We take bloods from PICCs using similar protocols as discussed as above. However we are told it depends what size the PICC is. Only able to use it for blood draws if it is greater thatn a size 3 french. If it is smaller than that we always have to have fluids running...which is a real pain for the patient being attached to fluids the whole of their hosp stay.

Quote
Originally posted by Tory

... Some RN's abide by this and have lab stick the patient for labs. Other RN's draw blood from the PICC reason being,....they don't have any veins to begin with (which is why they have the PICC). I would like to get your opinion on this. I am a fairly new grad and have made waves with this. I used to draw blood from them until I learned the drs said not to. So now I refuse to do it and have lab do it (often times they are unable to get enough blood or can't find a good vein). Just curious. Thanks!

Is it like this with other procedures on your unit...I mean doesn't anyone follow a protocol, or do they all just "do their own thing?" If the protocol for any procedure isn't clear, is their a unit or nursing educator at your instituion whose job it is to review this sort of thing? Have you discussed it with your manager?

Quote
Originally posted by Sleepyeyes

We are not allowed to draw from a PICC when the pt has a heparin gtt, for obvious reasons.

Why not? The reason isn't obvious to me! I would think you would not want to do a peripheral draw on a pt. receiving heparin, because they are much more likely to bleed from the puncture site and get a hematoma!

Of course, you would have to disconnect the drip to do the draw, flush pre and post, then reconnect. That would keep the heparin from contaminating the sample(s) drawn.

In the community we use heparin for 2 things 1) Hepalean is used to flush central lines (usually 10 cc NS, then 3 cc Hepalean) and 2) Fragmin (low molecular wt. heparin) is given to pts. with DVT's by s.c. injection. We don't do heparin drips, so maybe there's something I don't know here....

i've inserted a few picc lines and do use them to draw blood with 10 cc syringe; BUT the problem i've noticed is other nurses aren't heparinizing the lines after draws. this is important with small lumen caths. i've noticed younger nurses seem to think heparin flush solutions are dangerous. they are misimformed by misimformed teachers. SASH used to be the norm and was and is effective, but hospitals have switched to ns flushes only for the primary purpose of cost-savings. sure are alot of clooted lines these days?????

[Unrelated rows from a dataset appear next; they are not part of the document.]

(* Let $G=(V,E)$ be a finite hypergraph, each hyperedge $e\in E$ having vertex set $N(e)\subseteq V$, let $B\subseteq V$ be a set of boundary vertices, and let $\mathcal{D}$ be a finite set. For each $e\in E$ let $R^e=\{(\delta_x^e,U_x^e,O_x^e)\}_{x\in\mathcal{D}}$ be a hyperedge problem on $N(e)$, with $O_x^e$ acting on $\mathcal{H}^e$. For $v\in V$ write $\delta_x(v)=\sum_{e\in E:\,v\in N(e)}\delta_x^e(v)$. Assume (i) $\delta_x(v)=0$ for all $v\in V\setminus B$ and all $x$, and (ii) there are functions $U_x:V\to\mathbb{C}$ with $U_x^e=U_x|_{N(e)}$ for all $e\in E$, $x\in\mathcal{D}$. For each $e$ let $w^e=\{|(w^e)_x^\pm\rangle\}_{x\in\mathcal{D}}\subseteq\mathcal{H}^e\otimes\mathcal{W}^e$ be a feasible solution to $R^e$, and set $|w_x^\pm\rangle=\bigoplus_{e\in E}|(w^e)_x^\pm\rangle$. Then $w=\{|w_x^\pm\rangle\}_{x\in\mathcal{D}}$ is a feasible solution of the problem $R=\{(\delta_x|_B,\ U_x|_B,\ \bigoplus_{e\in E}O_x^e)\}_{x\in\mathcal{D}}$ on the vertex set $B$, and $\mathsf{R}_x^\pm(w)=\sum_{e\in E}\mathsf{R}_x^\pm(w^e)$ for all $x\in\mathcal{D}$.
   Context: A state-reflection problem $\{(|\sigma_x^+\rangle,|\sigma_x^-\rangle,O_x)\}_{x\in\mathcal{D}}$ consists of orthogonal vectors $|\sigma_x^\pm\rangle$ in a finite-dimensional space $\mathcal{V}$ and operators $O_x$ on $\mathcal{H}$ with $O_x^2=I$; a feasible solution is a finite-dimensional space $\mathcal{W}$ and vectors $|w_x^s\rangle\in\mathcal{H}\otimes\mathcal{W}$ ($s\in\{+,-\}$) with $\langle\sigma_x^s|\sigma_y^t\rangle-st\langle\sigma_x^s|\sigma_y^t\rangle=\langle w_x^s|((I-O_x^\dagger O_y)\otimes I)|w_y^t\rangle$ for all $x,y\in\mathcal{D}$, $s,t\in\{+,-\}$; its witness sizes are $\mathsf{R}_x^\pm(w)=\||w_x^\pm\rangle\|^2$. A hyperedge problem on a finite set $V'$, written $\{(\delta_x,U_x,O_x)\}_x$, is a state-reflection problem over $\mathbb{C}^{V'}$ with $|\sigma_x^+\rangle=\delta_x$, $|\sigma_x^-\rangle=U_x$, where $\sum_{v}(\delta_x)_v=0$ and $U_x$ is constant on the support of $\delta_x$. The direct sum of the oracles acts on $\bigoplus_e(\mathcal{H}^e\otimes\mathcal{W}^e)$ as $\bigoplus_e(O_x^e\otimes I_{\mathcal{W}^e})$. *)

theory Defs
  imports Complex_Main
begin

text \<open>Finite-dimensional spaces are modelled by finite index sets (orthonormal bases):
  a vector in C^I is a function I => complex (only values on I matter), an operator on C^I
  is a matrix I => I => complex, and H (x) W has basis I x J. Signs s in {+,-} are booleans
  (True = +).\<close>

definition sg :: "bool \<Rightarrow> complex" where
  "sg s = (if s then 1 else -1)"

definition vinner :: "'i set \<Rightarrow> ('i \<Rightarrow> complex) \<Rightarrow> ('i \<Rightarrow> complex) \<Rightarrow> complex" where
  "vinner I a b = (\<Sum>i\<in>I. cnj (a i) * b i)"

definition adj_mult :: "'h set \<Rightarrow> ('h \<Rightarrow> 'h \<Rightarrow> complex) \<Rightarrow> ('h \<Rightarrow> 'h \<Rightarrow> complex) \<Rightarrow> 'h \<Rightarrow> 'h \<Rightarrow> complex" where
  "adj_mult HI A C = (\<lambda>i k. \<Sum>j\<in>HI. cnj (A j i) * C j k)"

definition tensor_id_apply :: "'h set \<Rightarrow> ('h \<Rightarrow> 'h \<Rightarrow> complex) \<Rightarrow> ('h \<times> 'w \<Rightarrow> complex) \<Rightarrow> 'h \<times> 'w \<Rightarrow> complex" where
  "tensor_id_apply HI A v = (\<lambda>(i, a). \<Sum>k\<in>HI. A i k * v (k, a))"

definition state_reflection_problem ::
  "'v set \<Rightarrow> 'h set \<Rightarrow> 'x set \<Rightarrow> (bool \<Rightarrow> 'x \<Rightarrow> 'v \<Rightarrow> complex) \<Rightarrow> ('x \<Rightarrow> 'h \<Rightarrow> 'h \<Rightarrow> complex) \<Rightarrow> bool" where
  "state_reflection_problem V' HI D \<sigma> Or \<longleftrightarrow>
     finite V' \<and> finite HI \<and>
     (\<forall>x\<in>D. vinner V' (\<sigma> True x) (\<sigma> False x) = 0) \<and>
     (\<forall>x\<in>D. \<forall>i\<in>HI. \<forall>k\<in>HI. (\<Sum>j\<in>HI. Or x i j * Or x j k) = (if i = k then 1 else 0))"

definition feasible_solution ::
  "'v set \<Rightarrow> 'h set \<Rightarrow> 'x set \<Rightarrow> (bool \<Rightarrow> 'x \<Rightarrow> 'v \<Rightarrow> complex) \<Rightarrow> ('x \<Rightarrow> 'h \<Rightarrow> 'h \<Rightarrow> complex)
    \<Rightarrow> 'w set \<Rightarrow> (bool \<Rightarrow> 'x \<Rightarrow> 'h \<times> 'w \<Rightarrow> complex) \<Rightarrow> bool" where
  "feasible_solution V' HI D \<sigma> Or WI w \<longleftrightarrow>
     finite WI \<and>
     (\<forall>x\<in>D. \<forall>y\<in>D. \<forall>s t.
        vinner V' (\<sigma> s x) (\<sigma> t y) - sg s * sg t * vinner V' (\<sigma> s x) (\<sigma> t y)
        = vinner (HI \<times> WI) (w s x)
            (\<lambda>p. tensor_id_apply HI (\<lambda>i k. (if i = k then 1 else 0) - adj_mult HI (Or x) (Or y) i k) (w t y) p))"

definition wsize :: "'h set \<Rightarrow> 'w set \<Rightarrow> ('h \<times> 'w \<Rightarrow> complex) \<Rightarrow> real" where
  "wsize HI WI v = (\<Sum>p\<in>HI \<times> WI. (cmod (v p))\<^sup>2)"

definition hyperedge_problem ::
  "'v set \<Rightarrow> 'h set \<Rightarrow> 'x set \<Rightarrow> ('x \<Rightarrow> 'v \<Rightarrow> complex) \<Rightarrow> ('x \<Rightarrow> 'v \<Rightarrow> complex) \<Rightarrow> ('x \<Rightarrow> 'h \<Rightarrow> 'h \<Rightarrow> complex) \<Rightarrow> bool" where
  "hyperedge_problem V' HI D \<delta> U Or \<longleftrightarrow>
     state_reflection_problem V' HI D (\<lambda>s. if s then \<delta> else U) Or \<and>
     (\<forall>x\<in>D. (\<Sum>v\<in>V'. \<delta> x v) = 0) \<and>
     (\<forall>x\<in>D. \<forall>u\<in>V'. \<forall>v\<in>V'. \<delta> x u \<noteq> 0 \<longrightarrow> \<delta> x v \<noteq> 0 \<longrightarrow> U x u = U x v)"

text \<open>Direct sums: basis of (+)_e H^e is Sigma E HI, that of (+)_e W^e is Sigma E WI;
  (+)_e (H^e (x) W^e) is the block-diagonal subspace of ((+)_e H^e) (x) ((+)_e W^e),
  on which ((+)_e Or^e) (x) I acts as (+)_e (Or^e (x) I).\<close>
definition dsum_op :: "('e \<Rightarrow> 'x \<Rightarrow> 'h \<Rightarrow> 'h \<Rightarrow> complex) \<Rightarrow> 'x \<Rightarrow> 'e \<times> 'h \<Rightarrow> 'e \<times> 'h \<Rightarrow> complex" where
  "dsum_op Or x = (\<lambda>(e, i) (e', k). if e = e' then Or e x i k else 0)"

definition dsum_vec :: "('e \<Rightarrow> bool \<Rightarrow> 'x \<Rightarrow> 'h \<times> 'w \<Rightarrow> complex) \<Rightarrow> bool \<Rightarrow> 'x \<Rightarrow> ('e \<times> 'h) \<times> ('e \<times> 'w) \<Rightarrow> complex" where
  "dsum_vec w s x = (\<lambda>((e, i), (e', a)). if e = e' then w e s x (i, a) else 0)"

end

theory Submission
  imports Defs
begin

text \<open>Since s = t kills the left-hand side of the feasibility equation, only the cross terms
  \<open>\<langle>\<delta>\<^sub>x|U\<^sub>y\<rangle>\<close> and \<open>\<langle>U\<^sub>x|\<delta>\<^sub>y\<rangle>\<close> matter. Because \<open>\<delta>\<^sub>x\<close> vanishes off B, is the sum of the
  \<open>\<delta>\<^sub>x\<^sup>e\<close>, and \<open>U\<^sub>y\<close> restricts to \<open>U\<^sub>y\<^sup>e\<close> on every N(e), these cross terms are the sums over e
  of the corresponding cross terms of the hyperedge problems. On the other side, the direct sum of
  the oracles is block diagonal and the direct-sum witnesses live on the diagonal blocks, so
  \<open>\<langle>w\<^sub>x\<^sup>s|(I - O\<^sub>x\<^sup>\<dagger>O\<^sub>y)\<otimes>I|w\<^sub>y\<^sup>t\<rangle>\<close> and the witness sizes are sums of their blocks too.\<close>

definition gram_defect ::
  "'v set \<Rightarrow> (bool \<Rightarrow> 'x \<Rightarrow> 'v \<Rightarrow> complex) \<Rightarrow> bool \<Rightarrow> 'x \<Rightarrow> bool \<Rightarrow> 'x \<Rightarrow> complex" where
  "gram_defect V' \<sigma> s x t y =
     vinner V' (\<sigma> s x) (\<sigma> t y) - sg s * sg t * vinner V' (\<sigma> s x) (\<sigma> t y)"

definition oracle_form ::
  "'h set \<Rightarrow> 'w set \<Rightarrow> ('x \<Rightarrow> 'h \<Rightarrow> 'h \<Rightarrow> complex) \<Rightarrow> 'x \<Rightarrow> 'x
    \<Rightarrow> ('h \<times> 'w \<Rightarrow> complex) \<Rightarrow> ('h \<times> 'w \<Rightarrow> complex) \<Rightarrow> complex" where
  "oracle_form HI WI Or x y v u =
     vinner (HI \<times> WI) v
       (tensor_id_apply HI (\<lambda>i k. (if i = k then 1 else 0) - adj_mult HI (Or x) (Or y) i k) u)"

lemma feasible_solution_iff:
  "feasible_solution V' HI D \<sigma> Or WI w \<longleftrightarrow>
     finite WI \<and>
     (\<forall>x\<in>D. \<forall>y\<in>D. \<forall>s t. gram_defect V' \<sigma> s x t y = oracle_form HI WI Or x y (w s x) (w t y))"
  by (simp add: feasible_solution_def gram_defect_def oracle_form_def)

lemma gram_defect_same_sign: "gram_defect V' \<sigma> s x s y = 0"
  by (simp add: gram_defect_def sg_def)

lemma gram_defect_opposite_signs: "s \<noteq> t \<Longrightarrow> gram_defect V' \<sigma> s x t y = 2 * vinner V' (\<sigma> s x) (\<sigma> t y)"
  by (cases s) (simp_all add: gram_defect_def sg_def)

lemma vinner_commute: "vinner I a b = cnj (vinner I b a)"
  by (simp add: vinner_def mult.commute)

lemma sum_Sigma_eq_block:
  assumes "finite E" "\<forall>e\<in>E. finite (A e)" "e \<in> E"
    and "\<And>e' k. e' \<noteq> e \<Longrightarrow> F (e', k) = 0"
  shows "(\<Sum>p\<in>Sigma E A. F p) = (\<Sum>k\<in>A e. F (e, k))"
proof -
  have "(\<Sum>p\<in>Sigma E A. F p) = (\<Sum>e'\<in>E. \<Sum>k\<in>A e'. F (e', k))"
    using assms by (simp add: sum.Sigma)
  also have "\<dots> = (\<Sum>e'\<in>E. if e' = e then (\<Sum>k\<in>A e. F (e, k)) else 0)"
    by (rule sum.cong) (auto simp: assms(4))
  also have "\<dots> = (\<Sum>k\<in>A e. F (e, k))"
    using assms by simp
  finally show ?thesis .
qed

lemma sum_Sigma_times_Sigma_diagonal:
  assumes "finite E" "\<forall>e\<in>E. finite (A e)" "\<forall>e\<in>E. finite (B e)"
    and "\<And>e i e' a. e \<noteq> e' \<Longrightarrow> f ((e, i), (e', a)) = 0"
  shows "(\<Sum>p\<in>Sigma E A \<times> Sigma E B. f p) = (\<Sum>e\<in>E. \<Sum>(i, a)\<in>A e \<times> B e. f ((e, i), (e, a)))"
proof -
  have "(\<Sum>p\<in>Sigma E A \<times> Sigma E B. f p) = (\<Sum>p\<in>Sigma E A. \<Sum>q\<in>Sigma E B. f (p, q))"
    by (simp add: sum.cartesian_product)
  also have "\<dots> = (\<Sum>p\<in>Sigma E A. \<Sum>a\<in>B (fst p). f (p, (fst p, a)))"
  proof (intro sum.cong refl)
    fix p assume "p \<in> Sigma E A"
    then show "(\<Sum>q\<in>Sigma E B. f (p, q)) = (\<Sum>a\<in>B (fst p). f (p, (fst p, a)))"
      using assms by (intro sum_Sigma_eq_block) (auto simp: prod_eq_iff)
  qed
  also have "\<dots> = (\<Sum>e\<in>E. \<Sum>i\<in>A e. \<Sum>a\<in>B e. f ((e, i), (e, a)))"
    using assms(1,2) by (simp add: sum.Sigma split_def)
  also have "\<dots> = (\<Sum>e\<in>E. \<Sum>(i, a)\<in>A e \<times> B e. f ((e, i), (e, a)))"
    by (simp add: sum.cartesian_product)
  finally show ?thesis .
qed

i've inserted a few picc lines and do use them to draw blood with 10 cc syringe; BUT the problem i've noticed is other nurses aren't heparinizing the lines after draws. this is important with small lumen caths. i've noticed younger nurses seem to think heparin flush solutions are dangerous. they are misimformed by misimformed teachers. SASH used to be the norm and was and is effective, but hospitals have switched to ns flushes only for the primary purpose of cost-savings. sure are alot of clooted lines these days?????